● **Your assignment**
Below are records; quote them exactly from the first line through the line that contains "by (rule member_le_sum) (use z in auto)".

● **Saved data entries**
******
lemma covering_codeword_off_row:
  assumes "i \<noteq> z"
  shows "(\<lambda>j. c i j - c0 i j) = ones_col1_except s z i"
proof -
  have space: "C \<subseteq> nrt_space s r" by (rule perfect_code_subset[OF perfect])
  then have "(\<lambda>k j. c0 k j + ones_col1_except s z k j) \<in> nrt_space s r"
    using c0 nrt_space_add[OF _ ones_col1_except_in_nrt_space[OF r_ge]] by blast
  then have residual_space: "(\<lambda>k j. c0 k j + ones_col1_except s z k j - c k j) \<in> nrt_space s r"
    using c space nrt_space_diff by blast
  have "c0 i j + ones_col1_except s z i j - c i j = 0" for j
  proof (cases "i \<in> {1..s} \<and> j \<in> {1..r}")
    case True
    then show ?thesis using covering_residual_off_row[of i] assms by (simp add: row_weight_eq_0_iff)
  next
    case False
    then show ?thesis using residual_space unfolding nrt_space_def by blast
  qed
  then show ?thesis by (simp add: fun_eq_iff algebra_simps)
qed

lemma covering_codeword_row_le: "row_weight r (\<lambda>j. c k j - c0 k j) \<le> R"
proof (cases "k = z")
  case True
  have "row_weight r (\<lambda>j. c z j - c0 z j)
      = row_weight r (\<lambda>j. c0 z j + ones_col1_except s z z j - c z j)"
    by (simp add: ones_col1_except_def row_weight_minus_commute[of r "c z"])
  also have "\<dots> \<le> (\<Sum>k\<in>{1..s}. row_weight r (\<lambda>j. c0 k j + ones_col1_except s z k j - c k j))"
    by (rule member_le_sum) (use z in auto)
  also have "\<dots> \<le> R" using covers unfolding nrt_dist_def nrt_weight_def .
  finally show ?thesis using True by simp
next
  case False
  then show ?thesis
    using R_ge by (simp add: covering_codeword_off_row row_weight_ones_col1_except)
qed

lemma covering_codeword_own_row_ge: "2 \<le> row_weight r (\<lambda>j. c z j - c0 z j)"
proof (rule ccontr)
  assume "\<not> 2 \<le> row_weight r (\<lambda>j. c z j - c0 z j)"
  define j0 :: nat where "j0 = (if z = 1 then 2 else 1)"
  have j0: "j0 \<in> {1..s}" "j0 \<noteq> z" using z s_eq unfolding j0_def by auto
  have "(\<Sum>k\<in>{1..s} \<inter> {z, j0}. row_weight r (\<lambda>j. c k j - c0 k j))
      = row_weight r (\<lambda>j. c z j - c0 z j) + row_weight r (\<lambda>j. c j0 j - c0 j0 j)"
    using z j0 by (simp add: Int_absorb1)
  also have "\<dots> \<le> R"
    using \<open>\<not> 2 \<le> _\<close> R_ge j0 by (simp add: covering_codeword_off_row row_weight_ones_col1_except)
  finally have inside: "(\<Sum>k\<in>{1..s} \<inter> {z, j0}. row_weight r (\<lambda>j. c k j - c0 k j)) \<le> R" .
  have "(\<Sum>k\<in>{1..s} - {z, j0}. row_weight r (\<lambda>j. c k j - c0 k j))
      = (\<Sum>k\<in>{1..s} - {z, j0}. row_weight r (ones_col1_except s z k :: nat \<Rightarrow> 'a))"
    by (rule sum.cong) (simp_all add: covering_codeword_off_row)
  also have "\<dots> = card ({1..s} - {z, j0} - {z})" by (rule sum_row_weight_ones_col1_except[OF r_ge]) auto
  also have "\<dots> = R" using z j0 s_eq by (simp add: card_Diff_subset)
  finally have outside: "(\<Sum>k\<in>{1..s} - {z, j0}. row_weight r (\<lambda>j. c k j - c0 k j)) \<le> R" by simp
  from perfect_code_eq_if_split[OF perfect c c0 inside outside] covering_codeword_ne_base
  show False by blast
qed

end

lemma covering_codewords_eq:
  fixes C :: "'a::{ab_group_add,zero_neq_one} mat set"
  assumes perfect: "perfect_code s r R C" and s_eq: "s = R + 2" and R_ge: "2 \<le> R" and r_ge: "1 \<le> r"
    and c0: "c0 \<in> C" and c: "c \<in> C" and c': "c' \<in> C"
    and z: "z \<in> {1..s}" and z': "z' \<in> {1..s}" and "z \<noteq> z'"
    and covers: "nrt_dist s r (\<lambda>i j. c0 i j + ones_col1_except s z i j) c \<le> R"
    and covers': "nrt_dist s r (\<lambda>i j. c0 i j + ones_col1_except s z' i j) c' \<le> R"
  shows "c = c'"
proof -
  note facts = perfect s_eq R_ge r_ge c0
  have diff_le: "row_weight r (\<lambda>j. c k j - c' k j) \<le> R" for k
  proof -
    have "(\<lambda>j. c k j - c' k j) = (\<lambda>j. (c k j - c0 k j) - (c' k j - c0 k j))" by simp
    then show ?thesis
      using row_weight_diff_le_max[of r "\<lambda>j. c k j - c0 k j" "\<lambda>j. c' k j - c0 k j"]
        covering_codeword_row_le[OF facts c z covers, of k]
        covering_codeword_row_le[OF facts c' z' covers', of k]
      by simp
  qed
  have rows_eq: "row_weight r (\<lambda>j. c k j - c' k j) = 0" if "k \<noteq> z" and "k \<noteq> z'" for k
  proof -
    have "(\<lambda>j. c k j - c0 k j) = (\<lambda>j. c' k j - c0 k j)"
      using covering_codeword_off_row[OF facts c z covers \<open>k \<noteq> z\<close>]
        covering_codeword_off_row[OF facts c' z' covers' \<open>k \<noteq> z'\<close>] that
      by (simp add: ones_col1_except_def)
    then show ?thesis by (simp add: fun_eq_iff row_weight_eq_0_iff)
  qed
  have inside: "(\<Sum>k\<in>{1..s} \<inter> {z}. row_weight r (\<lambda>j. c k j - c' k j)) \<le> R"
    using z diff_le by (simp add: Int_absorb1)
  have "(\<Sum>k\<in>{1..s} - {z}. row_weight r (\<lambda>j. c k j - c' k j))
      = (\<Sum>k\<in>{z'}. row_weight r (\<lambda>j. c k j - c' k j))"
    by (rule sum.mono_neutral_right) (use z' \<open>z \<noteq> z'\<close> rows_eq in auto)
  then have outside: "(\<Sum>k\<in>{1..s} - {z}. row_weight r (\<lambda>j. c k j - c' k j)) \<le> R"
    using diff_le by simp
  show ?thesis by (rule perfect_code_eq_if_split[OF perfect c c' inside outside])
qed

lemma no_perfect_code:
  fixes C :: "'a::{ab_group_add,zero_neq_one} mat set"
  assumes R_ge: "2 \<le> R" and r_ge: "1 \<le> r"
  shows "\<not> perfect_code (R + 2) r R C"
proof
  define s where "s = R + 2"
  assume "perfect_code (R + 2) r R C"
  then have perfect: "perfect_code s r R C" by (simp add: s_def)
  have "(\<lambda>i j. 0) \<in> nrt_space s r" by (simp add: nrt_space_def)
  then obtain c0 where c0: "c0 \<in> C" using perfect_code_covers[OF perfect] by blast
  have "(\<lambda>i j. c0 i j + ones_col1_except s z i j) \<in> nrt_space s r" for z
    using c0 perfect_code_subset[OF perfect] nrt_space_add ones_col1_except_in_nrt_space[OF r_ge]
    by blast
  then obtain c1 c2 where c1: "c1 \<in> C" "nrt_dist s r (\<lambda>i j. c0 i j + ones_col1_except s 1 i j) c1 \<le> R"
    and c2: "c2 \<in> C" "nrt_dist s r (\<lambda>i j. c0 i j + ones_col1_except s 2 i j) c2 \<le> R"
    using perfect_code_covers[OF perfect] by meson
  note facts = perfect s_def R_ge r_ge c0
  have rows: "1 \<in> {1..s}" "2 \<in> {1..s}" by (simp_all add: s_def)
  have "c1 = c2" by (rule covering_codewords_eq[OF facts c1(1) c2(1) rows _ c1(2) c2(2)]) simp
  then have "row_weight r (\<lambda>j. c1 1 j - c0 1 j) = row_weight r (ones_col1_except s 2 1 :: nat \<Rightarrow> 'a)"
    using covering_codeword_off_row[OF facts c2(1) rows(2) c2(2)] by simp
  also have "\<dots> \<le> 1" by (simp add: row_weight_ones_col1_except)
  finally show False using covering_codeword_own_row_ge[OF facts c1(1) rows(1) c1(2)] by simp
qed

theorem mainTheorem13:
  fixes R r :: nat
  assumes "R \<ge> 2" and "r \<ge> 1"
  shows "(Perf (R + 2) r R :: ('a::{finite,field}) mat set set) = {}"
  using no_perfect_code[OF assms] unfolding Perf_def by blast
******
● **Answer to the exercise**
lemma covering_codeword_off_row:
  assumes "i \<noteq> z"
  shows "(\<lambda>j. c i j - c0 i j) = ones_col1_except s z i"
proof -
  have space: "C \<subseteq> nrt_space s r" by (rule perfect_code_subset[OF perfect])
  then have "(\<lambda>k j. c0 k j + ones_col1_except s z k j) \<in> nrt_space s r"
    using c0 nrt_space_add[OF _ ones_col1_except_in_nrt_space[OF r_ge]] by blast
  then have residual_space: "(\<lambda>k j. c0 k j + ones_col1_except s z k j - c k j) \<in> nrt_space s r"
    using c space nrt_space_diff by blast
  have "c0 i j + ones_col1_except s z i j - c i j = 0" for j
  proof (cases "i \<in> {1..s} \<and> j \<in> {1..r}")
    case True
    then show ?thesis using covering_residual_off_row[of i] assms by (simp add: row_weight_eq_0_iff)
  next
    case False
    then show ?thesis using residual_space unfolding nrt_space_def by blast
  qed
  then show ?thesis by (simp add: fun_eq_iff algebra_simps)
qed

lemma covering_codeword_row_le: "row_weight r (\<lambda>j. c k j - c0 k j) \<le> R"
proof (cases "k = z")
  case True
  have "row_weight r (\<lambda>j. c z j - c0 z j)
      = row_weight r (\<lambda>j. c0 z j + ones_col1_except s z z j - c z j)"
    by (simp add: ones_col1_except_def row_weight_minus_commute[of r "c z"])
  also have "\<dots> \<le> (\<Sum>k\<in>{1..s}. row_weight r (\<lambda>j. c0 k j + ones_col1_except s z k j - c k j))"
    by (rule member_le_sum) (use z in auto)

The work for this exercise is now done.